Project Member Reported by qyearsley@google.com, Nov 26

Issue description

Tricium's method for polling Gerrit involves a cron job that polls once per minute and iterates through all changes returned. This has worked fine for small repos, and has even worked fine for Chromium some of the time.

But upon inspecting the logs, it looks like it usually doesn't work fine for Chromium; we get the logged error:

  failed to poll :: {"error":"failed to query for change: urlfetch: truncated body"}

That is, failed to query Gerrit for changes in the last minute.

We also frequently see:

  Exceeded soft memory limit of 128 MB with ... MB after servicing 1 requests total. Consider setting a larger instance class in app.yaml.
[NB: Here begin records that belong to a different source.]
(* For a $K\times N$ multicast switch with a given traffic pattern, if a rate vector $\mathbf r$ is admissible, then its enhanced rate vector $\mathbf e(\mathbf r)$ lies in $QSTAB(G)$, where $G$ is the enhanced conflict graph; i.e. $\mathbf e(\mathbf r)$ is nonnegative and satisfies all clique inequalities of $G$.
   Context: A flow is a pair $(i,J)$ with input $i\in[K]$ and nonempty fanout $J\subseteq[N]$; a traffic pattern is a finite set of flows; a rate vector assigns $r_{iJ}\ge0$ to each flow. Subflows: $(i,J,j)$ with $j\in J$. $\mathbf r$ is admissible if $\mathbf r\ge0$, for each input $i$ the sum of $r_{iJ}$ over flows from $i$ is at most 1, and for each output $j$ the sum of $r_{iJ}$ over flows with $j\in J$ is at most 1. Enhanced rate vector: $\mathbf e(\mathbf r)_{iJj}=r_{iJ}$. Enhanced conflict graph $G$: one vertex per subflow; distinct $(i,J,j),(i',J',j')$ adjacent iff $j=j'$, or $i=i'$ and $J\ne J'$. $QSTAB(G)=\{x\ge0:\sum_{v\in Q}x_v\le1 \text{ for every clique } Q\}$. *)

theory Defs
  imports Complex_Main
begin

text \<open>Inputs are [K] = {1..K}, outputs are [N] = {1..N}.
  A flow is a pair (i, J); a subflow is a triple (i, J, j).\<close>

type_synonym flow = "nat \<times> nat set"
type_synonym subflow = "nat \<times> nat set \<times> nat"

definition flows :: "nat \<Rightarrow> nat \<Rightarrow> flow set" where
  "flows K N = {(i, J). i \<in> {1..K} \<and> J \<subseteq> {1..N} \<and> J \<noteq> {}}"

definition traffic_pattern :: "nat \<Rightarrow> nat \<Rightarrow> flow set \<Rightarrow> bool" where
  "traffic_pattern K N F \<longleftrightarrow> finite F \<and> F \<subseteq> flows K N"

definition admissible :: "nat \<Rightarrow> nat \<Rightarrow> flow set \<Rightarrow> (flow \<Rightarrow> real) \<Rightarrow> bool" where
  "admissible K N F r \<longleftrightarrow>
     (\<forall>f\<in>F. 0 \<le> r f) \<and>
     (\<forall>i\<in>{1..K}. (\<Sum>f\<in>{(i', J). (i', J) \<in> F \<and> i' = i}. r f) \<le> 1) \<and>
     (\<forall>j\<in>{1..N}. (\<Sum>f\<in>{(i, J). (i, J) \<in> F \<and> j \<in> J}. r f) \<le> 1)"

definition subflows :: "flow set \<Rightarrow> subflow set" where
  "subflows F = {(i, J, j). (i, J) \<in> F \<and> j \<in> J}"

definition enhanced_rate :: "(flow \<Rightarrow> real) \<Rightarrow> subflow \<Rightarrow> real" where
  "enhanced_rate r = (\<lambda>(i, J, j). r (i, J))"

definition ecg_adj :: "subflow \<Rightarrow> subflow \<Rightarrow> bool" where
  "ecg_adj u v \<longleftrightarrow> u \<noteq> v \<and>
     (case u of (i, J, j) \<Rightarrow> case v of (i', J', j') \<Rightarrow>
        j = j' \<or> (i = i' \<and> J \<noteq> J'))"

definition is_clique :: "'v set \<Rightarrow> ('v \<Rightarrow> 'v \<Rightarrow> bool) \<Rightarrow> 'v set \<Rightarrow> bool" where
  "is_clique V adj Q \<longleftrightarrow> Q \<subseteq> V \<and> (\<forall>u\<in>Q. \<forall>v\<in>Q. u \<noteq> v \<longrightarrow> adj u v)"

text \<open>Clique-constrained stable set polytope of the graph (V, adj); vectors are
  functions, only their values on V matter.\<close>
definition QSTAB :: "'v set \<Rightarrow> ('v \<Rightarrow> 'v \<Rightarrow> bool) \<Rightarrow> ('v \<Rightarrow> real) set" where
  "QSTAB V adj = {x. (\<forall>v\<in>V. 0 \<le> x v) \<and>
                     (\<forall>Q. is_clique V adj Q \<longrightarrow> (\<Sum>v\<in>Q. x v) \<le> 1)}"

end

theory Submission
  imports Defs
begin

text \<open>Two distinct subflows are adjacent only if they share an output, or share an input and
  belong to different flows. Hence a clique either lives at a single output or at a single input,
  and in both cases distinct members belong to distinct flows. Its enhanced rate is therefore the
  total rate of a set of flows through one output or from one input, which admissibility bounds
  by 1.\<close>

definition flow_of :: "subflow \<Rightarrow> flow" where
  "flow_of = (\<lambda>(i, J, j). (i, J))"

lemma enhanced_rate_eq: "enhanced_rate r v = r (flow_of v)"
  by (cases v) (simp add: enhanced_rate_def flow_of_def)

lemma flow_of_subflows: "flow_of ` subflows F \<subseteq> F"
  by (auto simp: subflows_def flow_of_def)

lemma ecg_adj_cases:
  assumes "ecg_adj (i, J, j) (i', J', j')"
  shows "j = j' \<or> (i = i' \<and> J \<noteq> J')"
  using assms by (simp add: ecg_adj_def)

lemma inj_on_flow_of_clique:
  assumes "is_clique V ecg_adj Q"
  shows "inj_on flow_of Q"
proof (rule inj_onI, rule ccontr)
  fix u v assume "u \<in> Q" "v \<in> Q" "flow_of u = flow_of v" "u \<noteq> v"
  moreover obtain i J j i' J' j' where "u = (i, J, j)" "v = (i', J', j')"
    by (cases u, cases v) auto
  ultimately show False
    using assms ecg_adj_cases[of i J j i' J' j'] by (auto simp: is_clique_def flow_of_def)
qed

lemma ecg_clique_common_output_or_input:
  assumes "is_clique V ecg_adj Q"
  shows "(\<exists>j. \<forall>v\<in>Q. snd (snd v) = j) \<or> (\<exists>i. \<forall>v\<in>Q. fst v = i)"
proof (rule disjCI)
  have adj: "snd (snd u) = snd (snd v) \<or> fst u = fst v"
    if "u \<in> Q" "v \<in> Q" "u \<noteq> v" for u v
    using assms that unfolding is_clique_def ecg_adj_def by (fastforce split: prod.splits)
  assume "\<nexists>i. \<forall>v\<in>Q. fst v = i"
  then obtain u v where uv: "u \<in> Q" "v \<in> Q" "fst u \<noteq> fst v"
    by (metis (mono_tags, lifting))
  then have out_uv: "snd (snd u) = snd (snd v)"
    using adj by blast
  \<comment> \<open>any w at another output would share the input of both u and v\<close>
  have "snd (snd w) = snd (snd u)" if "w \<in> Q" for w
    using adj[OF that uv(1)] adj[OF that uv(2)] uv(3) out_uv by metis
  then show "\<exists>j. \<forall>v\<in>Q. snd (snd v) = j" by blast
qed

lemma sum_enhanced_rate_clique:
  assumes "is_clique V ecg_adj Q"
  shows "(\<Sum>v\<in>Q. enhanced_rate r v) = (\<Sum>f\<in>flow_of ` Q. r f)"
  using sum.reindex[OF inj_on_flow_of_clique[OF assms], of r]
  by (simp add: enhanced_rate_eq)

lemma admissible_sum_le_input:
  assumes "traffic_pattern K N F" "admissible K N F r"
    and "S \<subseteq> F" "S \<noteq> {}" "\<forall>f\<in>S. fst f = i"
  shows "(\<Sum>f\<in>S. r f) \<le> 1"
proof -
  let ?Fi = "{(i', J). (i', J) \<in> F \<and> i' = i}"
  obtain f where "f \<in> S" using assms(4) by blast
  then have "i \<in> {1..K}"
    using assms(1,3,5) unfolding traffic_pattern_def flows_def by fastforce
  have "(\<Sum>f\<in>S. r f) \<le> (\<Sum>f\<in>?Fi. r f)"
    using assms by (intro sum_mono2)
      (auto simp: traffic_pattern_def admissible_def intro: finite_subset)
  also have "\<dots> \<le> 1"
    using assms(2) \<open>i \<in> {1..K}\<close> by (simp add: admissible_def)
  finally show ?thesis .
qed

lemma admissible_sum_le_output:
  assumes "traffic_pattern K N F" "admissible K N F r"
    and "S \<subseteq> F" "S \<noteq> {}" "\<forall>(i, J)\<in>S. j \<in> J"
  shows "(\<Sum>f\<in>S. r f) \<le> 1"
proof -
  let ?Fj = "{(i, J). (i, J) \<in> F \<and> j \<in> J}"
  obtain f where "f \<in> S" using assms(4) by blast
  then have "j \<in> {1..N}"
    using assms(1,3,5) unfolding traffic_pattern_def flows_def by fastforce
  have "(\<Sum>f\<in>S. r f) \<le> (\<Sum>f\<in>?Fj. r f)"
    using assms by (intro sum_mono2)
      (auto simp: traffic_pattern_def admissible_def intro: finite_subset)
  also have "\<dots> \<le> 1"
    using assms(2) \<open>j \<in> {1..N}\<close> by (simp add: admissible_def)
  finally show ?thesis .
qed

lemma admissible_clique_sum_le_1:
  assumes "traffic_pattern K N F" "admissible K N F r"
    and Q: "is_clique (subflows F) ecg_adj Q"
  shows "(\<Sum>v\<in>Q. enhanced_rate r v) \<le> 1"
proof (cases "Q = {}")
  case False
  have sub: "flow_of ` Q \<subseteq> F"
    using Q flow_of_subflows by (fastforce simp: is_clique_def)
  have ne: "flow_of ` Q \<noteq> {}" using False by simp
  have in_fanout: "snd (snd v) \<in> fst (snd v)" if "v \<in> Q" for v
    using Q that by (auto simp: is_clique_def subflows_def)
  from ecg_clique_common_output_or_input[OF Q]
  have "(\<Sum>f\<in>flow_of ` Q. r f) \<le> 1"
  proof
    assume "\<exists>j. \<forall>v\<in>Q. snd (snd v) = j"
    then obtain j where "\<forall>v\<in>Q. snd (snd v) = j" by blast
    then have "\<forall>(i, J)\<in>flow_of ` Q. j \<in> J"
      using in_fanout by (auto simp: flow_of_def)
    then show ?thesis using admissible_sum_le_output[OF assms(1,2) sub ne] by blast
  next
    assume "\<exists>i. \<forall>v\<in>Q. fst v = i"
    then obtain i where "\<forall>v\<in>Q. fst v = i" by blast
    then have "\<forall>f\<in>flow_of ` Q. fst f = i"
      by (auto simp: flow_of_def)
    then show ?thesis using admissible_sum_le_input[OF assms(1,2) sub ne] by blast
  qed
  then show ?thesis using sum_enhanced_rate_clique[OF Q] by simp
qed simp

theorem theorem5:
  fixes K N :: nat and F :: "flow set" and r :: "flow \<Rightarrow> real"
  assumes "traffic_pattern K N F"
    and "admissible K N F r"
  shows "enhanced_rate r \<in> QSTAB (subflows F) ecg_adj"
proof -
  have "0 \<le> enhanced_rate r v" if "v \<in> subflows F" for v
    using assms(2) flow_of_subflows that by (auto simp: enhanced_rate_eq admissible_def)
  then show ?thesis
    using admissible_clique_sum_le_1[OF assms] by (simp add: QSTAB_def)
qed

end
Basically, polling once per minute and processing all changes for all projects in one request doesn't scale very well.

To mitigate this, we can first just add a limit to how many changes might be processed in one poll, as suggested by Emma at https://chromium.googlesource.com/infra/infra/+/78bd9ceaf1b70e055cecae447beafb6e7fef17af/go/src/infra/tricium/appengine/gerrit/poll.go#131.

To help with scaling, we could:

1. Make a request for each project or repo, using task queue.
2. Somehow dynamically change the polling rate depending on how active the project is? We probably want to poll chromium/src more than once per minute, but for most projects once per minute is more than sufficient.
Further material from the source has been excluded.